Pre-trained KV caches that skip prefill entirely. Train once per document, inject at serving time, eliminate the prefill bottleneck. Based on arxiv:2508.17032. 55 configurations validated across 3 architectures and 6 documents on H100 and W7900.
A cartridge replaces runtime prefill with a pre-trained KV cache. Instead of processing a document through the model at every request, the KV state is trained once offline and injected directly into GPU memory as a CPU→GPU memcpy.

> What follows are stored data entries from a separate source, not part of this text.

lemma sum_subdiagonal_Pow:
  fixes a b :: "'a \<Rightarrow> real"
  assumes J: "finite J"
  shows "(\<Sum>f\<in>{f\<in>PiE J (\<lambda>_. {1..n+1}). subdiagonal n J f}. \<Prod>j\<in>J. if f j \<le> n then a j else b j)
       = (\<Sum>T\<in>Pow J. (\<Prod>j\<in>J - T. b j) * (\<Prod>j\<in>T. a j)
            * real (card {g\<in>PiE T (\<lambda>_. {1..n}). subdiagonal n T g}))"
    (is "_ = (\<Sum>T\<in>Pow J. ?p T * ?c T)")
proof -
  let ?w = "\<lambda>f. \<Prod>j\<in>J. if f j \<le> n then a j else b j"
  let ?F = "\<lambda>f. if subdiagonal n J f then ?w f else 0"
  have "(\<Sum>f\<in>{f\<in>PiE J (\<lambda>_. {1..n+1}). subdiagonal n J f}. ?w f) = (\<Sum>f\<in>PiE J (\<lambda>_. {1..n} \<union> {n+1}). ?F f)"
    using J by (simp add: sum.inter_filter finite_PiE atLeastAtMostSuc_conv)
  also have "\<dots> = (\<Sum>T\<in>Pow J. \<Sum>g\<in>PiE T (\<lambda>_. {1..n}). \<Sum>h\<in>PiE (J - T) (\<lambda>_. {n+1}).
                     ?F (\<lambda>j. if j \<in> T then g j else h j))"
    using J by (rule sum_PiE_split_preimage) auto
  also have "\<dots> = (\<Sum>T\<in>Pow J. ?p T * ?c T)"
  proof (intro sum.cong refl)
    fix T assume T: "T \<in> Pow J"
    have top: "PiE (J - T) (\<lambda>_. {n+1}) = {\<lambda>j\<in>J - T. n + 1}"
      using PiE_singleton[of "\<lambda>j\<in>J - T. n + 1" "J - T"] by simp
    have "?F (\<lambda>j. if j \<in> T then g j else (\<lambda>j\<in>J - T. n + 1) j) = (if subdiagonal n T g then ?p T else 0)"
      if g: "g \<in> PiE T (\<lambda>_. {1..n})" for g
    proof -
      let ?f = "\<lambda>j. if j \<in> T then g j else (\<lambda>j\<in>J - T. n + 1) j"
      have "{j\<in>J. ?f j \<le> i} = {j\<in>T. g j \<le> i}" if "i \<le> n" for i
        using T that by auto
      then have "subdiagonal n J ?f \<longleftrightarrow> subdiagonal n T g"
        unfolding subdiagonal_def by simp
      moreover have "?w ?f = (\<Prod>j\<in>J. if j \<in> T then a j else b j)"
        using T g by (intro prod.cong refl) (auto simp: PiE_iff)
      moreover have "(\<Prod>j\<in>J. if j \<in> T then a j else b j) = ?p T"
        using T J by (simp add: prod.If_cases Int_absorb1 Diff_eq)
      ultimately show ?thesis by simp
    qed
    then have "(\<Sum>g\<in>PiE T (\<lambda>_. {1..n}). \<Sum>h\<in>PiE (J - T) (\<lambda>_. {n+1}). ?F (\<lambda>j. if j \<in> T then g j else h j))
        = (\<Sum>g\<in>PiE T (\<lambda>_. {1..n}). if subdiagonal n T g then ?p T else 0)"
      unfolding top by (intro sum.cong refl) simp
    also have "\<dots> = ?p T * ?c T"
      using finite_PiE[OF finite_subset[of T J], of "\<lambda>_. {1..n}"] T J
      by (simp add: sum.inter_filter[symmetric] mult.commute)
    finally show "(\<Sum>g\<in>PiE T (\<lambda>_. {1..n}). \<Sum>h\<in>PiE (J - T) (\<lambda>_. {n+1}).
        ?F (\<lambda>j. if j \<in> T then g j else h j)) = ?p T * ?c T" .
  qed
  finally show ?thesis .
qed

lemma subdiagonal_Suc_iff:
  assumes "finite T" "card T \<le> n"
  shows "subdiagonal (Suc n) T g \<longleftrightarrow> subdiagonal n T g"
proof -
  have "card {j\<in>T. g j \<le> Suc n} < Suc n"
    using card_mono[OF assms(1), of "{j\<in>T. g j \<le> Suc n}"] assms(2) by auto
  then show ?thesis by (auto simp: subdiagonal_def le_Suc_eq)
qed

lemma card_subdiagonal:
  assumes "finite T" "card T \<le> n"
  shows "real (card {g\<in>PiE T (\<lambda>_. {1..n}). subdiagonal n T g})
       = real n ^ card T - real (card T) * real n ^ (card T - 1)"
  using assms
proof (induction n arbitrary: T)
  case 0
  then have "T = {}" by simp
  then show ?case by (simp add: subdiagonal_def)
next
  case (Suc n)
  show ?case
  proof (cases "card T = Suc n")
    case True
    have "\<not> subdiagonal (Suc n) T g" if "g \<in> PiE T (\<lambda>_. {1..Suc n})" for g
    proof -
      have "{j\<in>T. g j \<le> Suc n} = T" using that by (auto simp: PiE_iff)
      then show ?thesis using True by (auto simp: subdiagonal_def intro!: bexI[of _ "Suc n"])
    qed
    then have none: "{g\<in>PiE T (\<lambda>_. {1..Suc n}). subdiagonal (Suc n) T g} = {}" by blast
    show ?thesis unfolding none using True by simp
  next
    case False
    with Suc.prems have small: "card T \<le> n" by simp
    \<comment> \<open>the constraint at Suc n is void, so split by the preimage of {1..n}\<close>
    have "real (card {g\<in>PiE T (\<lambda>_. {1..Suc n}). subdiagonal (Suc n) T g})
        = (\<Sum>U\<in>Pow T. real (card {g\<in>PiE U (\<lambda>_. {1..n}). subdiagonal n U g}))"
      using sum_subdiagonal_Pow[OF Suc.prems(1), of n "\<lambda>_. 1" "\<lambda>_. 1"]
        subdiagonal_Suc_iff[OF Suc.prems(1) small] by simp
    also have "\<dots> = (\<Sum>U\<in>Pow T. (\<Prod>j\<in>T - U. 1) * (\<Prod>j\<in>U. 1)
                      * (real n ^ card U - real (card U) * real n ^ (card U - 1)))"
    proof (intro sum.cong refl)
      fix U assume "U \<in> Pow T"
      then have U: "U \<subseteq> T" by simp
      have "card U \<le> n" using card_mono[OF Suc.prems(1) U] small by linarith
      from Suc.IH[OF finite_subset[OF U Suc.prems(1)] this]
      show "real (card {g\<in>PiE U (\<lambda>_. {1..n}). subdiagonal n U g})
          = (\<Prod>j\<in>T - U. 1) * (\<Prod>j\<in>U. 1) * (real n ^ card U - real (card U) * real n ^ (card U - 1))"
        by simp
    qed
    also have "\<dots> = (\<Prod>j\<in>T. real n * 1 + 1) - real (card T) * (real n + 1) ^ (card T - 1)"
    proof (rule sum_Pow_power_minus_deriv[OF Suc.prems(1)])
      have power: "(\<lambda>y. \<Prod>j\<in>T. y * 1 + 1) = (\<lambda>y. (y + 1) ^ card T)" by simp
      show "((\<lambda>y. \<Prod>j\<in>T. y * 1 + 1) has_real_derivative real (card T) * (real n + 1) ^ (card T - 1)) (at (real n))"
        unfolding power by (auto intro!: derivative_eq_intros)
    qed
    finally show ?thesis by (simp add: add.commute)
  qed
qed

lemma sum_subdiagonal:
  fixes a b :: "'a \<Rightarrow> real"
  assumes J: "finite J" and n: "card {j\<in>J. a j \<noteq> 0} \<le> n"
    and D: "((\<lambda>x. \<Prod>j\<in>J. x * a j + b j) has_real_derivative D) (at (real n))"
  shows "(\<Sum>f\<in>{f\<in>PiE J (\<lambda>_. {1..n+1}). subdiagonal n J f}. \<Prod>j\<in>J. if f j \<le> n then a j else b j)
       = (\<Prod>j\<in>J. real n * a j + b j) - D"
proof -
  have "(\<Prod>j\<in>J - T. b j) * (\<Prod>j\<in>T. a j) * real (card {g\<in>PiE T (\<lambda>_. {1..n}). subdiagonal n T g})
      = (\<Prod>j\<in>J - T. b j) * (\<Prod>j\<in>T. a j) * (real n ^ card T - real (card T) * real n ^ (card T - 1))"
    if T: "T \<subseteq> J" for T
  proof (cases "\<exists>j\<in>T. a j = 0")
    case False
    then have "T \<subseteq> {j\<in>J. a j \<noteq> 0}" using T by auto
    then have "card T \<le> n" using n card_mono[of "{j\<in>J. a j \<noteq> 0}" T] J by fastforce
    then show ?thesis using card_subdiagonal[OF finite_subset[OF T J]] by simp
  qed (use T J in \<open>auto simp: finite_subset\<close>)
  then show ?thesis
    unfolding sum_subdiagonal_Pow[OF J] sum_Pow_power_minus_deriv[OF J D, symmetric]
    by (intro sum.cong refl) auto
qed

lemma sum_subdiagonal_const:
  fixes a b :: real
  assumes T: "finite T" and n: "card T \<le> n"
  shows "(\<Sum>g\<in>{g\<in>PiE T (\<lambda>_. {1..n+1}). subdiagonal n T g}. \<Prod>j\<in>T. if g j \<le> n then a else b)
       = (real n * a + b) ^ card T - real (card T) * (real n * a + b) ^ (card T - 1) * a"
proof -
  have "card {j\<in>T. a \<noteq> 0} \<le> card T" using T by (intro card_mono) auto
  then have "card {j\<in>T. a \<noteq> 0} \<le> n" using n by linarith
  moreover have power: "(\<lambda>x. \<Prod>j\<in>T. x * a + b) = (\<lambda>x. (x * a + b) ^ card T)" by simp
  have "((\<lambda>x. \<Prod>j\<in>T. x * a + b) has_real_derivative
          real (card T) * (real n * a + b) ^ (card T - 1) * a) (at (real n))"
    unfolding power by (auto intro!: derivative_eq_intros)
  ultimately show ?thesis using sum_subdiagonal[OF T] by simp
qed

lemma sum_subdiagonal_shift:
  fixes w :: "'a \<Rightarrow> nat \<Rightarrow> real"
  assumes lN: "l \<le> N"
    and w: "\<And>j i. j \<in> T \<Longrightarrow> l < i \<Longrightarrow> i \<le> N + 1 \<Longrightarrow> w j i = (if i \<le> N then a j else b j)"
  shows "(\<Sum>h\<in>{h\<in>PiE T (\<lambda>_. {l+1..N+1}). \<forall>i\<in>{l<..N}. card {j\<in>T. h j \<le> i} + l < i}. \<Prod>j\<in>T. w j (h j))
       = (\<Sum>g\<in>{g\<in>PiE T (\<lambda>_. {1..N-l+1}). subdiagonal (N - l) T g}. \<Prod>j\<in>T. if g j \<le> N - l then a j else b j)"
proof (rule sum.reindex_bij_witness[where i = "\<lambda>g. \<lambda>j\<in>T. g j + l" and j = "\<lambda>h. \<lambda>j\<in>T. h j - l"])
  fix h assume h: "h \<in> {h\<in>PiE T (\<lambda>_. {l+1..N+1}). \<forall>i\<in>{l<..N}. card {j\<in>T. h j \<le> i} + l < i}"
  then have range: "j \<in> T \<Longrightarrow> l + 1 \<le> h j \<and> h j \<le> N + 1" for j by (auto simp: PiE_iff)
  with h show "(\<lambda>j\<in>T. (\<lambda>j\<in>T. h j - l) j + l) = h"
    by (auto simp: PiE_iff extensional_def fun_eq_iff)
  have "card {j\<in>T. (\<lambda>j\<in>T. h j - l) j \<le> i} < i" if "i \<in> {1..N - l}" for i
  proof -
    have "{j\<in>T. (\<lambda>j\<in>T. h j - l) j \<le> i} = {j\<in>T. h j \<le> i + l}" using range by force
    moreover have "i + l \<in> {l<..N}" using that by auto
    ultimately show ?thesis using h by fastforce
  qed
  moreover have "h j - l \<in> {1..N-l+1}" if "j \<in> T" for j using range[OF that] by auto
  ultimately show "(\<lambda>j\<in>T. h j - l) \<in> {g\<in>PiE T (\<lambda>_. {1..N-l+1}). subdiagonal (N - l) T g}"
    by (auto simp: subdiagonal_def PiE_iff cong: conj_cong)
  show "(\<Prod>j\<in>T. if (\<lambda>j\<in>T. h j - l) j \<le> N - l then a j else b j) = (\<Prod>j\<in>T. w j (h j))"
  proof (rule prod.cong[OF refl])
    fix j assume "j \<in> T"
    then show "(if (\<lambda>j\<in>T. h j - l) j \<le> N - l then a j else b j) = w j (h j)"
      using range[of j] w[of j "h j"] lN by auto
  qed
next
  fix g assume g: "g \<in> {g\<in>PiE T (\<lambda>_. {1..N-l+1}). subdiagonal (N - l) T g}"
  then have range: "j \<in> T \<Longrightarrow> 1 \<le> g j \<and> g j \<le> N - l + 1" for j by (auto simp: PiE_iff)
  with g show "(\<lambda>j\<in>T. (\<lambda>j\<in>T. g j + l) j - l) = g"
    by (auto simp: PiE_iff extensional_def fun_eq_iff)
  have "card {j\<in>T. (\<lambda>j\<in>T. g j + l) j \<le> i} + l < i" if "i \<in> {l<..N}" for i
  proof -
    have "{j\<in>T. (\<lambda>j\<in>T. g j + l) j \<le> i} = {j\<in>T. g j \<le> i - l}" using that by auto
    moreover have "i - l \<in> {1..N - l}" using that by auto
    ultimately show ?thesis using g that unfolding subdiagonal_def by fastforce
  qed
  moreover have "g j + l \<in> {l+1..N+1}" if "j \<in> T" for j using range[OF that] lN by auto
  ultimately show "(\<lambda>j\<in>T. g j + l) \<in> {h\<in>PiE T (\<lambda>_. {l+1..N+1}). \<forall>i\<in>{l<..N}. card {j\<in>T. h j \<le> i} + l < i}"
    by (auto simp: PiE_iff)
qed

section \<open>The last fixed point of a monotone map\<close>

lemma mono_fixpoint_between:
  fixes \<psi> :: "nat \<Rightarrow> nat"
  assumes mono: "mono \<psi>" and i: "i \<le> \<psi> i" "i \<le> b" and b: "\<psi> b \<le> b"
  shows "\<exists>j\<in>{i..b}. \<psi> j = j"
proof -
  let ?S = "{k\<in>{i..b}. k \<le> \<psi> k}"
  define j where "j = Max ?S"
  have fin: "finite ?S" by simp
  have "i \<in> ?S" using i by simp
  then have j: "j \<in> ?S" unfolding j_def using fin by (intro Max_in) auto
  have max: "k \<le> j" if "k \<in> ?S" for k unfolding j_def using fin that by (rule Max_ge)
  have "\<psi> j \<le> j"
  proof (rule ccontr)
    assume up: "\<not> \<psi> j \<le> j"
    then have "j \<noteq> b" using b by auto
    with j have "Suc j \<le> b" by simp
    moreover have "Suc j \<le> \<psi> (Suc j)"
      using up monoD[OF mono, of j "Suc j"] by simp
    ultimately have "Suc j \<in> ?S" using j by simp
    then show False using max[of "Suc j"] by simp
  qed
  with j show ?thesis by (intro bexI[of _ j]) auto
qed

Checkpoint size is dominated by KV head count. At p=256:
| Model | KV Heads | Checkpoint | At p=8192 |
|---|---|---|---|
| Qwen2.5-7B (GQA) | 4 | 15 MB | 470 MB |
| Qwen2.5-1.5B (GQA) | 2 | 7 MB | 224 MB |
| Llama-2-7b (MHA) | 32 | 128 MB | 4,856 MB |
GQA models produce 8.5x smaller cartridges than MHA models at the same prefix length. GQA is strongly preferred for cartridge deployment.

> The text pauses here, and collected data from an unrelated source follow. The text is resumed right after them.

(* Let $\mathcal{N}$ be a classical channel from $X$ to $Y$ and $\mathcal{M}$ a classical channel from $X'$ to $Y$, both given in standard form. Then $\mathcal{N}\sim\mathcal{M}$ if and only if $\mathcal{N}=\mathcal{M}$, i.e. their transition matrices are identical (in particular $|X|=|X'|$).
   Context: A classical channel $\mathcal{N}$ from $X$ ($|X|=m$) to $Y$ ($|Y|=n$) has an $n\times m$ column-stochastic transition matrix $N=[\mathbf{p}_1\cdots\mathbf{p}_m]$. For $\mathbf{p}\in\mathrm{Prob}(n)$, $\|\mathbf{p}\|_{(k)}$ denotes the sum of its $k$ largest entries, and $\mathbf{p}\succ\mathbf{q}$ (vector majorization) means $\|\mathbf{p}\|_{(k)}\ge\|\mathbf{q}\|_{(k)}$ for all $k$. $\mathcal{N}$ is in standard form if: (1) the entries of each column are in non-increasing order; (2) the columns are in decreasing lexicographic order: for every $x\in[m-1]$ there is $\ell\in[n]$ with $\|\mathbf{p}_x\|_{(k)}=\|\mathbf{p}_{x+1}\|_{(k)}$ for all $k<\ell$ and $\|\mathbf{p}_x\|_{(\ell)}>\|\mathbf{p}_{x+1}\|_{(\ell)}$; (3) no column is majorized by a convex combination of the other columns. Classical channel majorization: $\mathcal{N}\succ\mathcal{M}$ if $\mathcal{M}=\Theta[\mathcal{N}]$ for a random permutation superchannel, i.e. $\Theta[\mathcal{N}]=\mathcal{D}^{YZ\to Y}\circ(\mathcal{N}\otimes\mathrm{id}^Z)\circ\mathcal{S}^{X'\to XZ}$ with $Z$ a finite classical system, $\mathcal{S},\mathcal{D}$ classical channels and $\mathcal{D}(\cdot\otimes\mathbf{e}_z)$ doubly stochastic for every $z$. $\mathcal{N}\sim\mathcal{M}$ means $\mathcal{N}\succ\mathcal{M}$ and $\mathcal{M}\succ\mathcal{N}$. *)

theory Defs
  imports Complex_Main
begin

text \<open>A classical channel from X (|X| = m) to Y (|Y| = n) is represented by its
  transition matrix N :: nat => nat => real, entry N y x (y < n, x < m) being the
  probability of output y given input x. Values outside the index range are irrelevant.\<close>

definition stochastic :: "nat \<Rightarrow> nat \<Rightarrow> (nat \<Rightarrow> nat \<Rightarrow> real) \<Rightarrow> bool" where
  "stochastic n m N \<longleftrightarrow>
     (\<forall>y<n. \<forall>x<m. 0 \<le> N y x) \<and> (\<forall>x<m. (\<Sum>y<n. N y x) = 1)"

definition col :: "(nat \<Rightarrow> nat \<Rightarrow> real) \<Rightarrow> nat \<Rightarrow> (nat \<Rightarrow> real)" where
  "col N x = (\<lambda>y. N y x)"

definition kyfan :: "nat \<Rightarrow> (nat \<Rightarrow> real) \<Rightarrow> nat \<Rightarrow> real" where
  "kyfan n p k = Max ((\<lambda>S. \<Sum>i\<in>S. p i) ` {S. S \<subseteq> {..<n} \<and> card S = k})"

definition majorizes :: "nat \<Rightarrow> (nat \<Rightarrow> real) \<Rightarrow> (nat \<Rightarrow> real) \<Rightarrow> bool" where
  "majorizes n p q \<longleftrightarrow> (\<forall>k\<in>{1..n}. kyfan n q k \<le> kyfan n p k)"

definition standard_form :: "nat \<Rightarrow> nat \<Rightarrow> (nat \<Rightarrow> nat \<Rightarrow> real) \<Rightarrow> bool" where
  "standard_form n m N \<longleftrightarrow>
     stochastic n m N \<and>
     \<comment> \<open>(1) entries of each column non-increasing\<close>
     (\<forall>x<m. \<forall>i j. i \<le> j \<and> j < n \<longrightarrow> N j x \<le> N i x) \<and>
     \<comment> \<open>(2) columns in decreasing lexicographic order of Ky Fan norms\<close>
     (\<forall>x. x + 1 < m \<longrightarrow>
        (\<exists>l\<in>{1..n}. (\<forall>k\<in>{1..<l}. kyfan n (col N x) k = kyfan n (col N (x+1)) k) \<and>
                     kyfan n (col N x) l > kyfan n (col N (x+1)) l)) \<and>
     \<comment> \<open>(3) no column majorized by a convex combination of the other columns\<close>
     (\<forall>x<m. \<not> (\<exists>t::nat \<Rightarrow> real.
        (\<forall>x'<m. 0 \<le> t x') \<and> t x = 0 \<and> (\<Sum>x'<m. t x') = 1 \<and>
        majorizes n (\<lambda>y. \<Sum>x'<m. t x' * N y x') (col N x)))"

text \<open>Channel majorization N \<succ> M (N : X \<rightarrow> Y with |X| = m, M : X' \<rightarrow> Y with |X'| = m', |Y| = n):
  M = D \<circ> (N \<otimes> id_Z) \<circ> S for a finite classical system Z (|Z| = l), a classical channel
  S : X' \<rightarrow> XZ (entries S x z x') and a classical channel D : YZ \<rightarrow> Y (entries D y' y z)
  with D(\<cdot> \<otimes> e_z) doubly stochastic for every z.\<close>
definition channel_majorizes ::
  "nat \<Rightarrow> nat \<Rightarrow> (nat \<Rightarrow> nat \<Rightarrow> real) \<Rightarrow> nat \<Rightarrow> (nat \<Rightarrow> nat \<Rightarrow> real) \<Rightarrow> bool" where
  "channel_majorizes n m N m' M \<longleftrightarrow>
     (\<exists>(l::nat) (S::nat \<Rightarrow> nat \<Rightarrow> nat \<Rightarrow> real) (D::nat \<Rightarrow> nat \<Rightarrow> nat \<Rightarrow> real).
        (\<forall>x<m. \<forall>z<l. \<forall>x'<m'. 0 \<le> S x z x') \<and>
        (\<forall>x'<m'. (\<Sum>x<m. \<Sum>z<l. S x z x') = 1) \<and>
        (\<forall>z<l. \<forall>y'<n. \<forall>y<n. 0 \<le> D y' y z) \<and>
        (\<forall>z<l. \<forall>y<n. (\<Sum>y'<n. D y' y z) = 1) \<and>
        (\<forall>z<l. \<forall>y'<n. (\<Sum>y<n. D y' y z) = 1) \<and>
        (\<forall>y<n. \<forall>x'<m'. M y x' = (\<Sum>z<l. \<Sum>x<m. \<Sum>y0<n. D y y0 z * N y0 x * S x z x')))"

Cartridge prefill time scales sub-linearly with prefix length because loading pre-computed KV (memcpy) is cheaper than running a forward pass over p tokens. Measured on Llama-3.2-1B-Instruct, AMD W7900, FlexAttention + torch.compile.
| Prefix tokens | ICL prefill | Cartridge prefill | Speedup |
|---|---|---|---|
| 256 | 0.037s | 0.038s | 1.0x |
| 512 | 0.050s | 0.040s | 1.3x |
| 1,024 | 0.072s | 0.041s | 1.8x |
| 2,048 | 0.138s | 0.048s | 2.9x |
| 4,096 | 0.312s | 0.071s | 4.4x |
| 8,192 | 0.758s | 0.110s | 6.9x |
| 16,384 | 2.027s | 0.192s | 10.6x |
At p=16,384: Cartridge achieves 44.5 tok/s vs ICL at 27.4 tok/s (1.6x end-to-end). The speedup comes entirely from prefill savings; decode throughput is identical.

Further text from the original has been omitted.